## Saved entries
==========

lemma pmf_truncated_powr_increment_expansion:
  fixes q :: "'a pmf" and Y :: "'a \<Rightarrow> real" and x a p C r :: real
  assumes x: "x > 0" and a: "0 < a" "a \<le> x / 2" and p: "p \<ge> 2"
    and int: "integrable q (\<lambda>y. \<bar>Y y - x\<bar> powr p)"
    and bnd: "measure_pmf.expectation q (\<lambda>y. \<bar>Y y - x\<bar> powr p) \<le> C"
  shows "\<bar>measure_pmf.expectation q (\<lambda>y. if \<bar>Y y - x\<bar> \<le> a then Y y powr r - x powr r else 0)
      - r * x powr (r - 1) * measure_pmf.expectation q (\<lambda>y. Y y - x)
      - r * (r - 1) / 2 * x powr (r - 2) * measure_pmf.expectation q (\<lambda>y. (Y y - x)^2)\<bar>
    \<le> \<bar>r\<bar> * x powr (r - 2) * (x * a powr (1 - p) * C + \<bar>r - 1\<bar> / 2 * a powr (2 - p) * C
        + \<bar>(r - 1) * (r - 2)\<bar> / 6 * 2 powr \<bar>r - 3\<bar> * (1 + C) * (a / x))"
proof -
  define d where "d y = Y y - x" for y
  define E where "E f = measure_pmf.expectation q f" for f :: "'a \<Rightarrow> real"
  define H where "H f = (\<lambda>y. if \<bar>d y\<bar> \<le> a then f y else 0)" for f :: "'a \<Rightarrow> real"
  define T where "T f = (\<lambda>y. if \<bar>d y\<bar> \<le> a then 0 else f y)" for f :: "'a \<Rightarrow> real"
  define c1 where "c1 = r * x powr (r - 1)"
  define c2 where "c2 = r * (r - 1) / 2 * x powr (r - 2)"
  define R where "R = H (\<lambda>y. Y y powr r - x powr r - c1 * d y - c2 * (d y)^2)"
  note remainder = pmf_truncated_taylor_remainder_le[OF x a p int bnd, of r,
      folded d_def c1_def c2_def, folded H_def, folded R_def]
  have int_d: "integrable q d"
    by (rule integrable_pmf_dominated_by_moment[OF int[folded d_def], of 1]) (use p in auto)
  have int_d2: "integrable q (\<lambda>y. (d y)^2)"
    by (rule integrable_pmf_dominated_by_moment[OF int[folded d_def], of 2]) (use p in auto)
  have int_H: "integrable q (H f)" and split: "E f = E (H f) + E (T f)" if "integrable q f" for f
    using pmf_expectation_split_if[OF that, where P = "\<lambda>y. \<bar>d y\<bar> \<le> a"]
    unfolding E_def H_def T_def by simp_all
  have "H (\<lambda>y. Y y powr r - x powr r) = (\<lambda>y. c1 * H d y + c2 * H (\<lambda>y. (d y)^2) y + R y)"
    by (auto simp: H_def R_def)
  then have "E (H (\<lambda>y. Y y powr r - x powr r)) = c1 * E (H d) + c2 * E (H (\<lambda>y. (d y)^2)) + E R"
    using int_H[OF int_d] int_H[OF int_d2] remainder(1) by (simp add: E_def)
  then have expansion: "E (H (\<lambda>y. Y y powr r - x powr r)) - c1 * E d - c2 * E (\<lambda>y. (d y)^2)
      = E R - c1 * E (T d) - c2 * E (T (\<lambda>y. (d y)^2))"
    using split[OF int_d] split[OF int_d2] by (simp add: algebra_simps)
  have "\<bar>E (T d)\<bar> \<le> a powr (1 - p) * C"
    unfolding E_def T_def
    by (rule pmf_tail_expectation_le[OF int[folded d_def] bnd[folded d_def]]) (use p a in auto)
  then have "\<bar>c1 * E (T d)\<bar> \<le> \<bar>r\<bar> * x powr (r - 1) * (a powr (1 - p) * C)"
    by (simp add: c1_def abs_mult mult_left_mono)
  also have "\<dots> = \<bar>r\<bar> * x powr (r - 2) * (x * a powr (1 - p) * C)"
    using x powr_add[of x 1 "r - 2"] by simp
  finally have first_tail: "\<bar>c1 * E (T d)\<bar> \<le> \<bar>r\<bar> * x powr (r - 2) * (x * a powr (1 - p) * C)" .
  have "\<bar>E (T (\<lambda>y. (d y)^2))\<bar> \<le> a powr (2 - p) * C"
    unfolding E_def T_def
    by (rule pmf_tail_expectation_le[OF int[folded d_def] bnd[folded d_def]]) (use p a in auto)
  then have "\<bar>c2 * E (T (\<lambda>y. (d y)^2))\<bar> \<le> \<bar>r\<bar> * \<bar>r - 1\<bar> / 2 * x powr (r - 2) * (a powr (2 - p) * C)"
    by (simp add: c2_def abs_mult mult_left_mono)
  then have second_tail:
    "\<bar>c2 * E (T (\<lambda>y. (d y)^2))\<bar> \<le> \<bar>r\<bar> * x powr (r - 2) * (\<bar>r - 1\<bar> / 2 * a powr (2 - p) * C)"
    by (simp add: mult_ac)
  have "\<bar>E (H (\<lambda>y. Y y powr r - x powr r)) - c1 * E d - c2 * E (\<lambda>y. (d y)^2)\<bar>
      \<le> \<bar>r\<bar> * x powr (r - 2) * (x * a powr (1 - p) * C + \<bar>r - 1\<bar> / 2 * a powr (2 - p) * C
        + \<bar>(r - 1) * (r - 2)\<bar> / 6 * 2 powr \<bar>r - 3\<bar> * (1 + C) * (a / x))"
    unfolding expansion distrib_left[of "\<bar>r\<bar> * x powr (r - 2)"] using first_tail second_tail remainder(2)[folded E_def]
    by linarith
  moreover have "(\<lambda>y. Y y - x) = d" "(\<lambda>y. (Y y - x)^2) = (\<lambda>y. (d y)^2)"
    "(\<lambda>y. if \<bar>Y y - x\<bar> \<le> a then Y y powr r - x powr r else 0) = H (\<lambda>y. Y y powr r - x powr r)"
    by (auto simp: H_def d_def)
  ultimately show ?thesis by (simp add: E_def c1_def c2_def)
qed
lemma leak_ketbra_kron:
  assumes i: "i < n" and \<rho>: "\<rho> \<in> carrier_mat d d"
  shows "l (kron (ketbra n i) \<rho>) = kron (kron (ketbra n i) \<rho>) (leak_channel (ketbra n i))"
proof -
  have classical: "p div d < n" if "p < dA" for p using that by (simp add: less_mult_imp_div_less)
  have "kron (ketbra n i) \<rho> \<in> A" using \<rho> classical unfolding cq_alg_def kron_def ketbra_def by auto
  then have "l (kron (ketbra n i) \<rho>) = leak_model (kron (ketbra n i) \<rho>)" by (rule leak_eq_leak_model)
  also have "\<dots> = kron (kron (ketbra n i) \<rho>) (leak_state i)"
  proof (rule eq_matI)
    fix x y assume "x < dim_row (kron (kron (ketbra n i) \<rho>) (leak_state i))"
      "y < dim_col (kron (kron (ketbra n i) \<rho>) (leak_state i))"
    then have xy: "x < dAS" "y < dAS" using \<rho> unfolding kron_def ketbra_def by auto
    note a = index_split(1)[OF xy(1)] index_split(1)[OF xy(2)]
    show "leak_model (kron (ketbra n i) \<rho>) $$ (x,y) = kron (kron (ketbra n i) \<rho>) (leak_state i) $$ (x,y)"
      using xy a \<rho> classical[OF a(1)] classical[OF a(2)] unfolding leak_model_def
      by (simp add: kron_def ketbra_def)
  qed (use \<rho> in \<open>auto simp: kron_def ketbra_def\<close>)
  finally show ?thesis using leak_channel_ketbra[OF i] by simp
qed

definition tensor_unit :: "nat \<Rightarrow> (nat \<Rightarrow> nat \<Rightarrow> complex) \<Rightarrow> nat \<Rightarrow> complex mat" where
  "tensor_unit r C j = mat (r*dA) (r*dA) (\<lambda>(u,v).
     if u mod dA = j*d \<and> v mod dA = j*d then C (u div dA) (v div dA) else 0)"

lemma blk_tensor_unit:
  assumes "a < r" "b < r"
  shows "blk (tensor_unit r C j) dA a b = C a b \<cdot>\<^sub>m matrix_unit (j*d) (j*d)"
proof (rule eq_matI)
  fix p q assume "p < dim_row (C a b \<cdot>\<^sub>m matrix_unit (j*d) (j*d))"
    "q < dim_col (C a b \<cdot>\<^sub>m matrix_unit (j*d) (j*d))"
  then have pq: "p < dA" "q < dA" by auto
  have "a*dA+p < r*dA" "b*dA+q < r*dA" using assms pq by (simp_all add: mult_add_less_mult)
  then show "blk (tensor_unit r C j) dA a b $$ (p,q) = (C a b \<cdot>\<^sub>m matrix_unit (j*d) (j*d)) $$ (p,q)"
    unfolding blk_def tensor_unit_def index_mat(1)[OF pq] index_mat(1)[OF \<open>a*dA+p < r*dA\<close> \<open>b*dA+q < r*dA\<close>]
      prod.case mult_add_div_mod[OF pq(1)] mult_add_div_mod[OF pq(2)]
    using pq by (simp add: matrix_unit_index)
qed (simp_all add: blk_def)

==========

## To do
Where does the string "classical" appear in the records above? Return every line that holds it.

## Answer
  have classical: "p div d < n" if "p < dA" for p using that by (simp add: less_mult_imp_div_less)
  have "kron (ketbra n i) \<rho> \<in> A" using \<rho> classical unfolding cq_alg_def kron_def ketbra_def by auto
      using xy a \<rho> classical[OF a(1)] classical[OF a(2)] unfolding leak_model_def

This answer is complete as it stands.